October 05, 2022 12553

Instructions

AB 685, which became effective Jan. 1, 2021, added Section 6409.6 to the California Labor Code requiring employers to notify employees of a potential worksite exposure to COVID-19 and to notify the local public health agency should an outbreak occur on the worksite. AB 2693, effective Jan. 1, 2023, amended the law to permit alternative notification to employees. It extends the notification requirement to Jan. 1, 2024.

Employee notification through Dec. 31, 2022

Within one business day of being notified of potential exposure to COVID-19 at a work site, an employer must provide a written “Notice of Potential Exposure” to employees and, if applicable, to employers of subcontracted employees who have possibly been exposed to a “qualified individual during the infectious period (at minimum 48 hours prior to the onset of symptoms to 14 days after last known close contact with a qualified individual).” A qualified individual is defined under the law as any person with a laboratory-confirmed case of COVID-19 or a positive diagnosis from a licensed health care provider or who has been required by a public health official to self-quarantine or has died as a result of COVID-19. This notice can be provided in the manner that the employer typically communicates information to employees including in writing or via email or text notification.  If the employer should reasonably know that an employee has not received the notice or has limited literacy in the language used in the notice, the employer shall provide verbal notice, as soon as practicable, in a language understandable by the employee.

The notice:

  1. Must be provided in English and the language understood by the majority of the employees.
  2. Must be provided to employees’ exclusive representation, including unions and sometimes attorneys.
  3. Must provide information on employee leave options such as supplemental paid sick leave, State Disability Insurance or workers’ compensation information.
  4. Must include the company’s antiretaliation and antidiscrimination protections of the employee.
  5. Must include the employer’s disinfection and safety plan to be implemented and completed per the guidelines of the federal Centers for Disease Control and Prevention.

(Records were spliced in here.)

lemma shell_energy_sum_le:
  fixes w :: "nat \<Rightarrow> ennreal" and f :: "'a::metric_space \<Rightarrow> real"
  assumes k: "1 \<le> k" and Q: "0 \<le> Q" and B: "\<bar>f y\<bar> \<le> B"
    and w_eps: "\<And>m. n \<le> m \<Longrightarrow> rho x0 x \<le> real m + real k + 2 \<Longrightarrow> w m \<le> c"
    and w_zeta: "\<And>m. n \<le> m \<Longrightarrow> w m \<le> z"
  shows "(\<Sum>m. if n \<le> m then 2 * w m * ennreal ((f x * shell x0 m x - f y * shell x0 m y)\<^sup>2 * Q) else 0)
    \<le> 12 * c * ennreal ((f x - f y)\<^sup>2 * Q) + 24 * c * ennreal ((f x)\<^sup>2 * min 1 ((dist x y)\<^sup>2) * Q)
      + 12 * z * ennreal (B\<^sup>2 * Q) * indicator {v. dist x v > real k \<and> rho x0 v \<ge> real n - 1} y"
proof (cases "dist x y \<le> real k")
  case True
  then show ?thesis
    using shell_energy_sum_near[OF True Q w_eps, where f = f] by (simp add: add_increasing2)
next
  case False
  then have far: "real k < dist x y"
    by simp
  then have "indicator {v. dist x v > real k \<and> rho x0 v \<ge> real n - 1} y
      = (indicator {v. real n - 1 \<le> rho x0 v} y :: ennreal)"
    by (simp add: indicator_def)
  then show ?thesis
    using shell_energy_sum_far[where f = f, OF far k Q B w_eps w_zeta] by (simp add: add_increasing ac_simps)
qed

section \<open>Localization to the tail\<close>

lemma formE_finite_classA:
  assumes "prob_space \<mu>" "h \<in> classA \<mu> q"
  shows "formE \<mu> q h < \<infinity>"
proof -
  interpret prob_space \<mu> by fact
  obtain C where "\<And>x. Gam \<mu> q h x \<le> ennreal C"
    using assms(2) by (auto simp: classA_def)
  then have "formE \<mu> q h \<le> (\<integral>\<^sup>+ x. ennreal C \<partial>\<mu>)"
    unfolding formE_def by (intro nn_integral_mono)
  then show ?thesis
    by (simp add: emeasure_space_1 order_le_less_trans)
qed

lemma abs_le_sup_norm: "bounded (range f) \<Longrightarrow> \<bar>f x\<bar> \<le> sup_norm (f :: 'a \<Rightarrow> real)"
  unfolding sup_norm_def bounded_iff
  by (intro cSup_upper) (auto simp: bdd_above_def)

lemma cutoff_energy_density_le:
  fixes f \<psi> :: "'a::metric_space \<Rightarrow> real"
  assumes "\<bar>f x\<bar> \<le> B" "\<bar>\<psi> y\<bar> \<le> 1" "(\<psi> x - \<psi> y)\<^sup>2 \<le> min 1 ((dist x y)\<^sup>2)" "0 \<le> Q"
  shows "ennreal ((f x * \<psi> x - f y * \<psi> y)\<^sup>2 * Q)
    \<le> 2 * ennreal ((f x - f y)\<^sup>2 * Q) + 2 * ennreal (B\<^sup>2) * ennreal (min 1 ((dist x y)\<^sup>2) * Q)"
proof -
  have "(\<psi> y)\<^sup>2 \<le> 1" "(f x)\<^sup>2 \<le> B\<^sup>2"
    using assms(1,2) by (simp_all add: abs_square_le_1) (metis abs_le_square_iff abs_ge_self order_trans)
  then have "2 * ((f x - f y)\<^sup>2 * (\<psi> y)\<^sup>2) + 2 * ((f x)\<^sup>2 * (\<psi> x - \<psi> y)\<^sup>2)
      \<le> 2 * (f x - f y)\<^sup>2 + 2 * (B\<^sup>2 * min 1 ((dist x y)\<^sup>2))"
    using assms(3) by (intro add_mono mult_left_mono mult_mono) (auto simp: mult_left_le)
  then have "(f x * \<psi> x - f y * \<psi> y)\<^sup>2 \<le> 2 * (f x - f y)\<^sup>2 + 2 * (B\<^sup>2 * min 1 ((dist x y)\<^sup>2))"
    using square_mult_diff_le_near[of "f x" "\<psi> x" "f y" "\<psi> y"] by linarith
  then have "(f x * \<psi> x - f y * \<psi> y)\<^sup>2 * Q \<le> (2 * (f x - f y)\<^sup>2 + 2 * (B\<^sup>2 * min 1 ((dist x y)\<^sup>2))) * Q"
    using assms(4) by (rule mult_right_mono)
  also have "\<dots> = 2 * ((f x - f y)\<^sup>2 * Q) + 2 * B\<^sup>2 * (min 1 ((dist x y)\<^sup>2) * Q)"
    by (simp add: algebra_simps)
  finally have "ennreal ((f x * \<psi> x - f y * \<psi> y)\<^sup>2 * Q)
      \<le> ennreal (2 * ((f x - f y)\<^sup>2 * Q) + 2 * B\<^sup>2 * (min 1 ((dist x y)\<^sup>2) * Q))"
    by (rule ennreal_leI)
  also have "\<dots> = 2 * ennreal ((f x - f y)\<^sup>2 * Q) + 2 * ennreal (B\<^sup>2) * ennreal (min 1 ((dist x y)\<^sup>2) * Q)"
    using assms(4) by (simp add: ennreal_plus ennreal_mult)
  finally show ?thesis .
qed

locale tail_setting =
  fixes \<mu> :: "'a::{metric_space, second_countable_topology} measure"
    and q :: "'a \<Rightarrow> 'a \<Rightarrow> real" and x0 :: 'a and V :: "'a \<Rightarrow> real" and \<beta> :: "real \<Rightarrow> real"
  assumes prob: "prob_space \<mu>"
    and sets_eq [measurable_cong]: "sets \<mu> = sets borel"
    and q_measurable: "(\<lambda>(x, y). q x y) \<in> borel_measurable (\<mu> \<Otimes>\<^sub>M \<mu>)"
    and q_nonneg: "\<And>x y. 0 \<le> q x y"
    and lam_finite: "lam \<mu> q < \<infinity>"
    and V_measurable: "V \<in> borel_measurable \<mu>"
    and V_bounded: "\<And>r. bounded (V ` {x. rho x0 x \<le> r})"
    and SP: "super_poincare \<mu> q \<beta>"
begin

sublocale prob_space \<mu>
  by (rule prob)

lemma q_measurable_borel [measurable]: "(\<lambda>p. q (fst p) (snd p)) \<in> borel_measurable (borel \<Otimes>\<^sub>M borel)"
  using q_measurable by (simp add: case_prod_beta')

lemma measurable_\<mu>_eq: "measurable \<mu> N = measurable borel N"
  by (rule measurable_cong_sets[OF sets_eq refl])

lemma V_measurable_borel [measurable]: "V \<in> borel_measurable borel"
  using V_measurable by (simp add: measurable_\<mu>_eq)

lemma classA_measurable: "f \<in> classA \<mu> q \<Longrightarrow> f \<in> borel_measurable borel"
  by (simp add: classA_def measurable_\<mu>_eq)

lemma q_measurable_snd [measurable]: "q x \<in> borel_measurable borel"
  using measurable_compose_Pair1[OF _ q_measurable_borel, of x] by simp

lemma Gam_measurable:
  assumes [measurable]: "f \<in> borel_measurable borel"
  shows "(\<lambda>x. Gam \<mu> q f x) \<in> borel_measurable borel"
  unfolding Gam_def by measurable

lemma nn_integral_lam_le: "(\<integral>\<^sup>+ y. ennreal (min 1 ((dist x y)\<^sup>2) * q x y) \<partial>\<mu>) \<le> lam \<mu> q"
  unfolding lam_def by (rule SUP_upper) simp

lemma Gam_mult_cutoff_le:
  assumes [measurable]: "f \<in> borel_measurable borel" "\<psi> \<in> borel_measurable borel"
    and f_bound: "\<And>x. \<bar>f x\<bar> \<le> B" and \<psi>_bound: "\<And>x. \<bar>\<psi> x\<bar> \<le> 1"
    and \<psi>_lip: "\<And>x y. (\<psi> x - \<psi> y)\<^sup>2 \<le> min 1 ((dist x y)\<^sup>2)"
  shows "Gam \<mu> q (\<lambda>x. f x * \<psi> x) x \<le> 2 * Gam \<mu> q f x + 2 * ennreal (B\<^sup>2) * lam \<mu> q"
proof -
  have "Gam \<mu> q (\<lambda>x. f x * \<psi> x) x
      \<le> (\<integral>\<^sup>+ y. 2 * ennreal ((f x - f y)\<^sup>2 * q x y) + 2 * ennreal (B\<^sup>2) * ennreal (min 1 ((dist x y)\<^sup>2) * q x y) \<partial>\<mu>)"
    unfolding Gam_def using f_bound \<psi>_bound \<psi>_lip q_nonneg
    by (intro nn_integral_mono cutoff_energy_density_le)
  also have "\<dots> = 2 * Gam \<mu> q f x + 2 * ennreal (B\<^sup>2) * (\<integral>\<^sup>+ y. ennreal (min 1 ((dist x y)\<^sup>2) * q x y) \<partial>\<mu>)"
  proof -
    have m1: "(\<lambda>y. ennreal ((f x - f y)\<^sup>2 * q x y)) \<in> borel_measurable \<mu>"
      and m2: "(\<lambda>y. ennreal (min 1 ((dist x y)\<^sup>2) * q x y)) \<in> borel_measurable \<mu>"
      by measurable
    then have "(\<lambda>y. 2 * ennreal ((f x - f y)\<^sup>2 * q x y)) \<in> borel_measurable \<mu>"
      and "(\<lambda>y. 2 * ennreal (B\<^sup>2) * ennreal (min 1 ((dist x y)\<^sup>2) * q x y)) \<in> borel_measurable \<mu>"
      by measurable
    then show ?thesis
      unfolding Gam_def by (simp add: nn_integral_add nn_integral_cmult[OF m1] nn_integral_cmult[OF m2])
  qed
  also have "\<dots> \<le> 2 * Gam \<mu> q f x + 2 * ennreal (B\<^sup>2) * lam \<mu> q"
    by (intro add_mono mult_left_mono nn_integral_lam_le) auto
  finally show ?thesis .
qed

Employee notification starting Jan. 1, 2023

Within one business day of being notified of potential exposure to COVID-19 at a work site, an employer must prominently display a notice in all places where notices to employees concerning workplace rules or regulations are customarily posted. The notice must remain posted for at least 15 days and be included on an employee portal if an employee portal exists. The notice, which should be in English and the language understood by the majority of employees, must state all of the following:

  1. The dates on which an employee, or employee of a subcontracted employer, with a confirmed case of COVID-19 was on the worksite premises within the infectious period.
  2. The location of the exposures, including the department, floor, building or other area, but the location need not be so specific as to allow individual workers to be identified.
  3. Contact information for employees to receive information regarding COVID-19-related benefits to which the employee may be entitled under applicable federal, state, or local laws, including, but not limited to, workers’ compensation, and options for exposed employees, including COVID-19-related leave, company sick leave, state-mandated leave, supplemental sick leave, or negotiated leave provisions, as well as antiretaliation and antidiscrimination protections of the employee.
  4. Contact information for employees to receive the cleaning and disinfection plan that the employer is implementing per CDC guidelines and the Cal-OSHA COVID-19 regulation.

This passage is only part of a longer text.